Problem description:
Across the entries below, how many lines have the word "exists" in them? Respond with only the number.

····················

(* Let $k,d\geq 4$. Let $G$ be a finite $C_4$-free bipartite graph with vertex classes $A$ and $B$. Let $A=A_1\cup\dots\cup A_r$ and $B=B_1\cup\dots\cup B_s$ be partitions with $|A_i|\leq d^2$ and $|B_j|\leq d^2$ for all $i\in[r]$, $j\in[s]$. Define the graph $H$ on vertex set $\{a_1,\dots,a_r,b_1,\dots,b_s\}$ in which $a_ib_j$ is an edge exactly if $G$ has at least one edge between $A_i$ and $B_j$ (and there are no other edges). Suppose $H$ is $k$-degenerate. Then $d(G)\leq 13kd$.
   Context: $d(G)=2e(G)/|V(G)|$ is the average degree. A graph is $C_4$-free if it contains no $4$-cycle as a subgraph. A graph is $k$-degenerate if every subgraph of it has a vertex of degree at most $k$. *)

theory Defs
  imports Complex_Main "HOL-Library.Disjoint_Sets"
begin

definition simple_graph :: "'a set \<Rightarrow> 'a set set \<Rightarrow> bool" where
  "simple_graph V E \<longleftrightarrow> finite V \<and> (\<forall>e\<in>E. e \<subseteq> V \<and> card e = 2)"

definition avg_degree :: "'a set \<Rightarrow> 'a set set \<Rightarrow> real" where
  "avg_degree V E = 2 * real (card E) / real (card V)"

definition degree :: "'a set set \<Rightarrow> 'a \<Rightarrow> nat" where
  "degree E v = card {e \<in> E. v \<in> e}"

definition C4_free :: "'a set set \<Rightarrow> bool" where
  "C4_free E \<longleftrightarrow> \<not> (\<exists>v1 v2 v3 v4. distinct [v1, v2, v3, v4] \<and>
      {v1, v2} \<in> E \<and> {v2, v3} \<in> E \<and> {v3, v4} \<in> E \<and> {v4, v1} \<in> E)"

definition bipartite_classes :: "'a set \<Rightarrow> 'a set set \<Rightarrow> 'a set \<Rightarrow> 'a set \<Rightarrow> bool" where
  "bipartite_classes V E A B \<longleftrightarrow> A \<union> B = V \<and> A \<inter> B = {} \<and>
     (\<forall>e\<in>E. \<exists>a\<in>A. \<exists>b\<in>B. e = {a, b})"

definition degenerate :: "nat \<Rightarrow> 'a set \<Rightarrow> 'a set set \<Rightarrow> bool" where
  "degenerate k V E \<longleftrightarrow> (\<forall>V' E'. V' \<subseteq> V \<and> V' \<noteq> {} \<and> E' \<subseteq> E \<and> (\<forall>e\<in>E'. e \<subseteq> V')
       \<longrightarrow> (\<exists>v\<in>V'. degree E' v \<le> k))"

definition H_vertices :: "'a set set \<Rightarrow> 'a set set \<Rightarrow> ('a set + 'a set) set" where
  "H_vertices PA PB = Inl ` PA \<union> Inr ` PB"

definition H_edges :: "'a set set \<Rightarrow> 'a set set \<Rightarrow> 'a set set \<Rightarrow> ('a set + 'a set) set set" where
  "H_edges E PA PB = {{Inl X, Inr Y} | X Y. X \<in> PA \<and> Y \<in> PB \<and> (\<exists>a\<in>X. \<exists>b\<in>Y. {a, b} \<in> E)}"

end

theory Submission
  imports Defs
begin

text \<open>The parts are treated as the fibres of the map sending a vertex of \<open>G\<close> to its vertex of \<open>H\<close>.
  Call an edge \<open>xy\<close> heavy if \<open>x\<close> has more than \<open>d\<close> neighbours in the part of \<open>y\<close>.
  Since \<open>G\<close> is \<open>C\<^sub>4\<close>-free, two vertices have at most one common neighbour, so the pairs of
  neighbours that different vertices have inside a part \<open>Q\<close> are different pairs of \<open>Q\<close>. A heavy
  vertex \<open>x\<close> owns at least \<open>d |N(x) \<inter> Q| / 2\<close> such pairs, and \<open>|Q| \<le> d\<^sup>2\<close>; hence at most
  \<open>d |Q|\<close> heavy edges end in \<open>Q\<close>, and at most \<open>d |V|\<close> edges are heavy altogether.
  The light edges are counted along a degeneracy ordering of \<open>H\<close>: a part with at most \<open>k\<close>
  neighbours among the remaining parts sends at most \<open>d\<close> light edges from each of its vertices
  into each of them. So \<open>|E| \<le> (k + 1) d |V|\<close>, and of the hypotheses \<open>k, d \<ge> 4\<close> only
  \<open>k \<ge> 1\<close> is needed.\<close>

lemma card_eq_sum_card_fibres:
  assumes "finite V"
  shows "card V = (\<Sum>u\<in>f ` V. card {z\<in>V. f z = u})"
  using sum.image_gen[OF assms, of "\<lambda>_. 1 :: nat" f] by simp

definition neighbours :: "'a set set \<Rightarrow> 'a \<Rightarrow> 'a set" where
  "neighbours E x = {y. {x, y} \<in> E}"

lemma neighbours_subset:
  assumes "simple_graph V E"
  shows "neighbours E x \<subseteq> V"
  using assms unfolding simple_graph_def neighbours_def by blast

lemma finite_neighbours:
  assumes "simple_graph V E"
  shows "finite (neighbours E x)"
  using assms neighbours_subset finite_subset unfolding simple_graph_def by metis

lemma simple_graph_finite_edges:
  assumes "simple_graph V E"
  shows "finite E"
  using assms unfolding simple_graph_def by (meson PowI finite_Pow_iff finite_subset subsetI)

lemma C4_free_common_neighbour_unique:
  assumes edges: "\<forall>e\<in>E. card e = 2" and "C4_free E" and "x \<noteq> x'"
    and y: "y \<in> neighbours E x \<inter> neighbours E x'"
    and y': "y' \<in> neighbours E x \<inter> neighbours E x'"
  shows "y = y'"
proof (rule ccontr)
  assume "y \<noteq> y'"
  have no_loops: "{z} \<notin> E" for z
    using edges by fastforce
  have "{x, y} \<in> E" "{y, x'} \<in> E" "{x', y'} \<in> E" "{y', x} \<in> E"
    using y y' by (auto simp: neighbours_def insert_commute)
  moreover from this have "distinct [x, y, x', y']"
    using \<open>x \<noteq> x'\<close> \<open>y \<noteq> y'\<close> no_loops by auto
  ultimately show False
    using \<open>C4_free E\<close> unfolding C4_free_def by blast
qed

lemma C4_free_sum_choose_two_le:
  assumes edges: "\<forall>e\<in>E. card e = 2" and "C4_free E" and "finite Q" and "finite X"
  shows "(\<Sum>x\<in>X. card (neighbours E x \<inter> Q) choose 2) \<le> card Q choose 2"
proof -
  define pairs where "pairs x = {p. p \<subseteq> neighbours E x \<inter> Q \<and> card p = 2}" for x
  have finite_pairs: "finite (pairs x)" for x
    using \<open>finite Q\<close> unfolding pairs_def by auto
  have card_pairs: "card (pairs x) = card (neighbours E x \<inter> Q) choose 2" for x
    unfolding pairs_def using \<open>finite Q\<close> by (intro n_subsets) simp
  have "pairs x \<inter> pairs x' = {}" if "x \<noteq> x'" for x x'
  proof (rule ccontr)
    assume "pairs x \<inter> pairs x' \<noteq> {}"
    then obtain y y' where "y \<noteq> y'" "{y, y'} \<subseteq> neighbours E x \<inter> neighbours E x'"
      unfolding pairs_def by (auto simp: card_2_iff)
    then show False
      using C4_free_common_neighbour_unique[OF edges \<open>C4_free E\<close> that] by blast
  qed
  then have "(\<Sum>x\<in>X. card (neighbours E x \<inter> Q) choose 2) = card (\<Union>x\<in>X. pairs x)"
    using card_UN_disjoint[OF \<open>finite X\<close>] finite_pairs card_pairs by (metis (no_types, lifting) sum.cong)
  also have "\<dots> \<le> card {p. p \<subseteq> Q \<and> card p = 2}"
    using \<open>finite Q\<close> by (intro card_mono) (auto simp: pairs_def)
  also have "\<dots> = card Q choose 2"
    using \<open>finite Q\<close> by (rule n_subsets)
  finally show ?thesis .
qed

lemma C4_free_sum_heavy_degrees_le:
  assumes "\<forall>e\<in>E. card e = 2" and "C4_free E" and "finite Q" and "finite X"
    and heavy: "\<forall>x\<in>X. d < card (neighbours E x \<inter> Q)"
  shows "d * (\<Sum>x\<in>X. card (neighbours E x \<inter> Q)) \<le> card Q * (card Q - 1)"
proof -
  have two_choose_two: "2 * (n choose 2) = n * (n - 1)" for n :: nat
    by (cases n) (auto simp: choose_two)
  have "d * (\<Sum>x\<in>X. card (neighbours E x \<inter> Q)) = (\<Sum>x\<in>X. card (neighbours E x \<inter> Q) * d)"
    by (simp add: sum_distrib_left mult.commute)
  also have "\<dots> \<le> (\<Sum>x\<in>X. 2 * (card (neighbours E x \<inter> Q) choose 2))"
    unfolding two_choose_two using heavy by (intro sum_mono mult_le_mono2) auto
  also have "\<dots> \<le> 2 * (card Q choose 2)"
    using C4_free_sum_choose_two_le[OF assms(1-4)] by (simp add: sum_distrib_left[symmetric])
  finally show ?thesis
    unfolding two_choose_two .
qed

lemma C4_free_card_heavy_edges_into_le:
  assumes G: "simple_graph V E" and "C4_free E" and "Q \<subseteq> V" and "card Q \<le> d^2"
  shows "card {e\<in>E. \<exists>x y. e = {x, y} \<and> y \<in> Q \<and> d < card (neighbours E x \<inter> Q)} \<le> d * card Q"
    (is "card ?heavy \<le> _")
proof (cases "d = 0")
  case True
  with assms show ?thesis
    unfolding simple_graph_def by (auto dest: finite_subset)
next
  case False
  have "finite V" "\<forall>e\<in>E. card e = 2"
    using G unfolding simple_graph_def by auto
  have "finite Q"
    using \<open>Q \<subseteq> V\<close> \<open>finite V\<close> by (rule finite_subset)
  define X where "X = {x\<in>V. d < card (neighbours E x \<inter> Q)}"
  define s where "s = (\<Sum>x\<in>X. card (neighbours E x \<inter> Q))"
  have "finite X"
    using \<open>finite V\<close> unfolding X_def by simp
  have "?heavy \<subseteq> (\<Union>x\<in>X. (\<lambda>y. {x, y}) ` (neighbours E x \<inter> Q))"
    using G unfolding X_def neighbours_def simple_graph_def by blast
  then have "card ?heavy \<le> card (\<Union>x\<in>X. (\<lambda>y. {x, y}) ` (neighbours E x \<inter> Q))"
    using \<open>finite X\<close> \<open>finite Q\<close> by (intro card_mono) auto
  also have "\<dots> \<le> (\<Sum>x\<in>X. card ((\<lambda>y. {x, y}) ` (neighbours E x \<inter> Q)))"
    using \<open>finite X\<close> by (rule card_UN_le)
  also have "\<dots> \<le> s"
    unfolding s_def by (intro sum_mono card_image_le) (simp add: \<open>finite Q\<close>)
  finally have "card ?heavy \<le> s" .
  have "d * s \<le> card Q * (card Q - 1)"
    unfolding s_def using C4_free_sum_heavy_degrees_le[OF _ \<open>C4_free E\<close> \<open>finite Q\<close> \<open>finite X\<close>]
      \<open>\<forall>e\<in>E. card e = 2\<close> by (simp add: X_def)
  also have "\<dots> \<le> card Q * d^2"
    using \<open>card Q \<le> d^2\<close> by (intro mult_le_mono2) simp
  finally have "d * s \<le> d * (d * card Q)"
    by (simp add: power2_eq_square ac_simps)
  with \<open>d \<noteq> 0\<close> \<open>card ?heavy \<le> s\<close> show ?thesis
    by simp
qed

definition heavy_edges :: "'a set set \<Rightarrow> ('a \<Rightarrow> 'b) \<Rightarrow> nat \<Rightarrow> 'a set set" where
  "heavy_edges E f d = {e\<in>E. \<exists>x y. e = {x, y} \<and> d < card {z \<in> neighbours E x. f z = f y}}"

lemma C4_free_card_heavy_edges_le:
  assumes G: "simple_graph V E" and "C4_free E"
    and fibres: "\<forall>u. card {z\<in>V. f z = u} \<le> d^2"
  shows "card (heavy_edges E f d) \<le> d * card V"
proof -
  have "finite V"
    using G unfolding simple_graph_def by simp
  define fibre where "fibre u = {z\<in>V. f z = u}" for u
  define heavy_into where
    "heavy_into Q = {e\<in>E. \<exists>x y. e = {x, y} \<and> y \<in> Q \<and> d < card (neighbours E x \<inter> Q)}" for Q
  have "heavy_edges E f d \<subseteq> (\<Union>u\<in>f ` V. heavy_into (fibre u))"
  proof
    fix e assume "e \<in> heavy_edges E f d"
    then obtain x y where e: "e \<in> E" "e = {x, y}" and "d < card {z \<in> neighbours E x. f z = f y}"
      unfolding heavy_edges_def by blast
    moreover have "y \<in> V"
      using G e unfolding simple_graph_def by blast
    moreover have "{z \<in> neighbours E x. f z = f y} = neighbours E x \<inter> fibre (f y)"
      using neighbours_subset[OF G] unfolding fibre_def by blast
    ultimately have "e \<in> heavy_into (fibre (f y))"
      unfolding heavy_into_def fibre_def by auto
    with \<open>y \<in> V\<close> show "e \<in> (\<Union>u\<in>f ` V. heavy_into (fibre u))"
      by blast
  qed
  moreover have "finite (\<Union>u\<in>f ` V. heavy_into (fibre u))"
    by (rule finite_subset[OF _ simple_graph_finite_edges[OF G]]) (auto simp: heavy_into_def)
  ultimately have "card (heavy_edges E f d) \<le> card (\<Union>u\<in>f ` V. heavy_into (fibre u))"
    by (simp add: card_mono)
  also have "\<dots> \<le> (\<Sum>u\<in>f ` V. card (heavy_into (fibre u)))"
    using \<open>finite V\<close> by (intro card_UN_le) simp
  also have "\<dots> \<le> (\<Sum>u\<in>f ` V. d * card (fibre u))"
    unfolding heavy_into_def fibre_def using fibres
    by (intro sum_mono C4_free_card_heavy_edges_into_le[OF G \<open>C4_free E\<close>]) auto
  also have "\<dots> = d * card V"
    using card_eq_sum_card_fibres[OF \<open>finite V\<close>, of f]
    by (simp add: fibre_def sum_distrib_left[symmetric])
  finally show ?thesis .
qed

lemma card_light_neighbours_le:
  assumes G: "simple_graph V E"
  shows "card {y. {x, y} \<in> E - heavy_edges E f d \<and> f y = u} \<le> d"
proof (cases "{y. {x, y} \<in> E - heavy_edges E f d \<and> f y = u} = {}")
  case True
  show ?thesis
    unfolding True by simp
next
  case False
  then obtain y\<^sub>0 where "{x, y\<^sub>0} \<in> E - heavy_edges E f d" "f y\<^sub>0 = u"
    by blast
  then have not_heavy: "card {z \<in> neighbours E x. f z = u} \<le> d"
    unfolding heavy_edges_def by (auto simp: not_less)
  have "{y. {x, y} \<in> E - heavy_edges E f d \<and> f y = u} \<subseteq> {z \<in> neighbours E x. f z = u}"
    unfolding neighbours_def by blast
  then have "card {y. {x, y} \<in> E - heavy_edges E f d \<and> f y = u} \<le> card {z \<in> neighbours E x. f z = u}"
    using finite_neighbours[OF G] by (intro card_mono) auto
  with not_heavy show ?thesis
    by linarith
qed

lemma degenerate_low_degree_vertex:
  assumes "degenerate k W F" and "U \<subseteq> W" and "U \<noteq> {}" and "finite U"
  obtains w where "w \<in> U" and "card {u\<in>U. {w, u} \<in> F} \<le> k"
proof -
  define F' where "F' = {h\<in>F. h \<subseteq> U}"
  have "F' \<subseteq> F" and "\<forall>h\<in>F'. h \<subseteq> U"
    unfolding F'_def by auto
  then obtain w where "w \<in> U" and "degree F' w \<le> k"
    using assms(1-3) unfolding degenerate_def by blast
  have "finite F'"
    using \<open>finite U\<close> unfolding F'_def by (auto intro: finite_subset[of _ "Pow U"])
  have "inj_on (\<lambda>u. {w, u}) {u\<in>U. {w, u} \<in> F}"
    by (rule inj_onI) (metis doubleton_eq_iff)
  moreover have "(\<lambda>u. {w, u}) ` {u\<in>U. {w, u} \<in> F} \<subseteq> {h\<in>F'. w \<in> h}"
    using \<open>w \<in> U\<close> unfolding F'_def by auto
  ultimately have "card {u\<in>U. {w, u} \<in> F} \<le> degree F' w"
    unfolding degree_def using \<open>finite F'\<close> by (intro card_inj_on_le) auto
  with \<open>w \<in> U\<close> \<open>degree F' w \<le> k\<close> show thesis
    using that by simp
qed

····················

Problem solution:
7